У басики были бульдожьи щеки и длинные седые волосы, собранные в бублик. Однажды она их распустила, и я поразился, как много их, оказывается, — всю спину закрывают. Басика была полная и ласковая, только ласковость ее совсем другая, угрюмая, не радушная, не приветливая, как, скажем, у бабушки Дениса. Резкие ноты появлялись в голосе, когда она говорила о моей маме. «Ольгу — не люблю! И Антона не люблю!» Не помню, спрашивал ли: а меня? — может быть, и сама отвечала: «А тебя люблю, Сержик» — и целовала в лоб.

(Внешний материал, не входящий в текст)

lemma is_Q_path_HK:
  assumes "is_Q_path \<beta> w t1 q"
  shows "continuous_on {t1..} q" and "q t1 = 0" and "\<And>r. r > t1 \<Longrightarrow> q r > 0"
    and "\<And>r. r \<ge> t1 \<Longrightarrow> (\<lambda>s. \<beta> / q s) integrable_on {t1..r}"
    and "\<And>r. r \<ge> t1 \<Longrightarrow> q r = w r - w t1 + integral {t1..r} (\<lambda>s. \<beta> / q s)"
proof -
  show "continuous_on {t1..} q" "q t1 = 0" "\<And>r. r > t1 \<Longrightarrow> q r > 0"
    using assms unfolding is_Q_path_def by auto
  fix r assume "r \<ge> t1"
  hence si: "set_integrable lborel {t1..r} (\<lambda>s. \<beta> / q s)"
    and eq: "q r = w r - w t1 + (LBINT s:{t1..r}. \<beta> / q s)"
    using assms unfolding is_Q_path_def by blast+
  show "(\<lambda>s. \<beta> / q s) integrable_on {t1..r}"
    using si by (rule set_borel_integral_eq_integral(1))
  show "q r = w r - w t1 + integral {t1..r} (\<lambda>s. \<beta> / q s)"
    using eq set_borel_integral_eq_integral(2)[OF si] by simp
qed

lemma integral_equation_HK:
  fixes y f w :: "real \<Rightarrow> real"
  assumes yc: "continuous_on {0..} y" and ypos: "\<And>r. r \<ge> 0 \<Longrightarrow> y r > 0"
    and fsi: "\<And>r. r \<ge> 0 \<Longrightarrow> set_integrable lborel {0..r} f"
    and eq: "\<forall>r\<ge>0. y r = y 0 + w r + \<beta> * (LBINT s:{0..r}. (1 / y s - f s))"
    and "r \<ge> 0"
  shows "y r = y 0 + w r + \<beta> * integral {0..r} (\<lambda>s. 1 / y s - f s)"
proof -
  have "continuous_on {0..r} (\<lambda>s. 1 / y s)"
    using ypos by (intro continuous_intros continuous_on_subset[OF yc]) (auto simp: less_imp_neq[symmetric])
  hence "set_integrable lborel {0..r} (\<lambda>s. 1 / y s)"
    by (rule borel_integrable_atLeastAtMost')
  hence "set_integrable lborel {0..r} (\<lambda>s. 1 / y s - f s)"
    using fsi[OF \<open>r \<ge> 0\<close>] by (rule set_integral_diff(1))
  hence "(LBINT s:{0..r}. (1 / y s - f s)) = integral {0..r} (\<lambda>s. 1 / y s - f s)"
    by (rule set_borel_integral_eq_integral(2))
  moreover have "y r = y 0 + w r + \<beta> * (LBINT s:{0..r}. (1 / y s - f s))"
    using eq \<open>r \<ge> 0\<close> by blast
  ultimately show ?thesis by simp
qed

theorem lemma3p2:
  fixes M :: "'w measure" and G :: "real \<Rightarrow> 'w measure"
    and B :: "int \<Rightarrow> real \<Rightarrow> 'w \<Rightarrow> real"
    and Y F Q :: "real \<Rightarrow> 'w \<Rightarrow> real"
    and \<beta> a t' t'' :: real
  assumes "prob_space M"
    and "\<beta> \<ge> 1"
    and "a - 1/2 \<in> \<int>"
    and "filtration M G"
    and "BM_family M G B"
    and "adapted G Y" and "adapted G F"
    and "\<And>\<omega>. \<omega> \<in> space M \<Longrightarrow> continuous_on {0..} (\<lambda>t. Y t \<omega>) \<and> (\<forall>t\<ge>0. Y t \<omega> > 0)"
    and "\<And>\<omega> t. \<omega> \<in> space M \<Longrightarrow> t \<ge> 0 \<Longrightarrow> F t \<omega> \<ge> 0"
    and "\<And>\<omega> t. \<omega> \<in> space M \<Longrightarrow> t \<ge> 0 \<Longrightarrow> set_integrable lborel {0..t} (\<lambda>s. F s \<omega>)"
    and "AE \<omega> in M. \<forall>t\<ge>0. Y t \<omega> = Y 0 \<omega> + Wa B a t \<omega>
            + \<beta> * (LBINT s:{0..t}. (1 / Y s \<omega> - F s \<omega>))"
    and "AE \<omega> in M. is_Q_path \<beta> (\<lambda>t. Wa B a t \<omega>) t' (\<lambda>t. Q t \<omega>)"
    and "0 \<le> t'" and "t' \<le> t''"
  shows "AE \<omega> in M.
     Y t'' \<omega> - (INF s\<in>{t'..t''}. Y s \<omega>) = (SUP s\<in>{t'..t''}. Y t'' \<omega> - Y s \<omega>) \<and>
     (SUP s\<in>{t'..t''}. Y t'' \<omega> - Y s \<omega>) \<le> Q t'' \<omega> \<and>
     (\<forall>s t. t' \<le> s \<longrightarrow> s < t \<longrightarrow> t \<le> t'' \<longrightarrow> Y t \<omega> - Y s \<omega> \<le> (SUP u\<in>{t'..t''}. Q u \<omega>))"
  using assms(11,12) AE_space
proof eventually_elim
  case (elim \<omega>)
  have yc: "continuous_on {0..} (\<lambda>t. Y t \<omega>)" and ypos: "\<And>r. r \<ge> 0 \<Longrightarrow> Y r \<omega> > 0"
    using assms(8)[OF elim(3)] by auto
  note fsi = assms(10)[OF elim(3)]
  have fint: "(\<lambda>s. F s \<omega>) integrable_on {0..r}" if "r \<ge> 0" for r
    using set_borel_integral_eq_integral(1)[OF fsi[OF that]] .
  note yeq = integral_equation_HK[where y = "\<lambda>t. Y t \<omega>", OF yc ypos fsi elim(1)]
  note qpath = is_Q_path_HK[OF elim(2)]
  have drawup: "Y t \<omega> - Y s \<omega> \<le> Q t \<omega>" if "t' \<le> s" "s \<le> t" for s t
    using assms(2) by (intro drawup_below_bessel_path[OF _ yc ypos fint assms(9)[OF elim(3)] yeq
          qpath assms(13) that]) auto
  show ?case
    using assms(13,14) drawup
    by (intro path_drawup_bounds continuous_on_subset[OF yc] continuous_on_subset[OF qpath(1)]) auto
qed

end
(* Let $\mathcal{C}_f$ be a CRN stably computing $f:\mathbb{N}^d\to\mathbb{N}$ such that for every CRN $\mathcal{C}_g$ stably computing a function $g:\mathbb{N}\to\mathbb{N}$, the concatenated CRN $\mathcal{C}_{g\circ f}$ stably computes $g\circ f$. Then the CRN obtained from $\mathcal{C}_f$ by removing every reaction that has the output species of $\mathcal{C}_f$ as a reactant (which is output-oblivious) still stably computes $f$.
   Context: A chemical reaction network (CRN) is a pair $(\mathcal{S},\mathcal{R})$ of a finite set of species and a finite set of reactions $(\vec{R},\vec{P})\in\mathbb{N}^{\mathcal{S}}\times\mathbb{N}^{\mathcal{S}}$. A configuration is $\vec{C}\in\mathbb{N}^{\mathcal{S}}$; a reaction is applicable if $\vec{R}\le\vec{C}$ and yields $\vec{C}-\vec{R}+\vec{P}$; reachability is via finite sequences of applicable reactions. To compute $h:\mathbb{N}^k\to\mathbb{N}$ a CRN has input species $X_1,\ldots,X_k$, output species $Y$, leader species $L$; the initial configuration $\vec{I}_{\vec{x}}$ has $\vec{x}(i)$ copies of $X_i$, one $L$, nothing else. $\vec{C}$ is stable if all configurations reachable from it have the same count of $Y$. The CRN stably computes $h$ if for every $\vec{x}$ and every $\vec{C}$ reachable from $\vec{I}_{\vec{x}}$ some stable $\vec{O}$ reachable from $\vec{C}$ has $\vec{O}(Y)=h(\vec{x})$. A CRN is output-oblivious if its output species is never a reactant. The concatenated CRN $\mathcal{C}_{g\circ f}$ is obtained by taking the union of the species and reactions of $\mathcal{C}_f$ and $\mathcal{C}_g$, where the output species of $\mathcal{C}_f$ is identified with the input species of $\mathcal{C}_g$ and all other species are disjoint; with leaders $L^f$, $L^g$ of $\mathcal{C}_f$, $\mathcal{C}_g$, a new leader $L$ and the reaction $L\to L^f+L^g$ are added. Its inputs are those of $\mathcal{C}_f$, its output is that of $\mathcal{C}_g$. *)

theory Defs
  imports Main
begin

type_synonym 'a config = "'a \<Rightarrow> nat"
type_synonym 'a reaction = "'a config \<times> 'a config"

record 'a crn =
  species   :: "'a set"
  reactions :: "'a reaction set"
  inputs    :: "'a list"
  out_sp    :: "'a"
  leader    :: "'a"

Удивительное сходство с нами было обнаружено в книжке на иллюстрации к стихотворению Барто. Те же щеки, тот же бублик, а Сережа — в полосатом свитере, точно как у меня. «Если вы по просеке, я вам расскажу, как гулял попросите жук, обычный жук». Когда мы все-таки выбирались погулять, было величайшим подвигом дойти до «вторых туй», высаженных полукругом. Эта аллея была такой долгой, широкой, она вела куда-то в запретное, запредельное, и уговорить басику пройти еще десять шагов (а вдруг аллея кончится и начнется что-то другое?) было трудно, почти невозможно; приходилось возвращаться. Когда я взрослыми шагами прошел ее с другого конца за пять или шесть минут, я впервые почувствовал обратный рост деревьев. Из давно проданной кому-то квартиры, так долго пустовавшей после бабушкиной смерти, все уже выветрилось, и пыль стерли, и обои новые поклеили, и телевизор снесли на помойку. А сливы, от которых меня однажды вырвало, нельзя же есть в таких количествах; а вставная челюсть, овощной магазин с характерным запахом земли, окна роддома напротив, горевшие в темноте мертвенным люминесцентным светом, жуткий бабушкин храп «хрр-аш-аш», гоголь-моголь, яйцерезка, тертые яблоки с сахаром; а как вдруг тревога повисла в воздухе, когда взрослые стали чего-то недоговаривать, исчезать, оставлять меня с маминой подругой; а как потом, уже после похорон, басика открывает мне дверь, приглашает зайти, как ты вырос, говорит, и на лице синяки, и пахнет чем-то старческим, и надо куда-нибудь просыпаться, не прощаясь; шестое марта 1992 или 1993 года, папа точно не помнит, — это так показательно, что и я не хочу уточнять; ничего кроме памяти, хоть и живу я в страхе что-то не успеть почувствовать до того, как кончится я и начнется кто-то другой, одна только память, зачем-то возвращающая меня в мои сны, в мои подъезды, в мое нигдетство.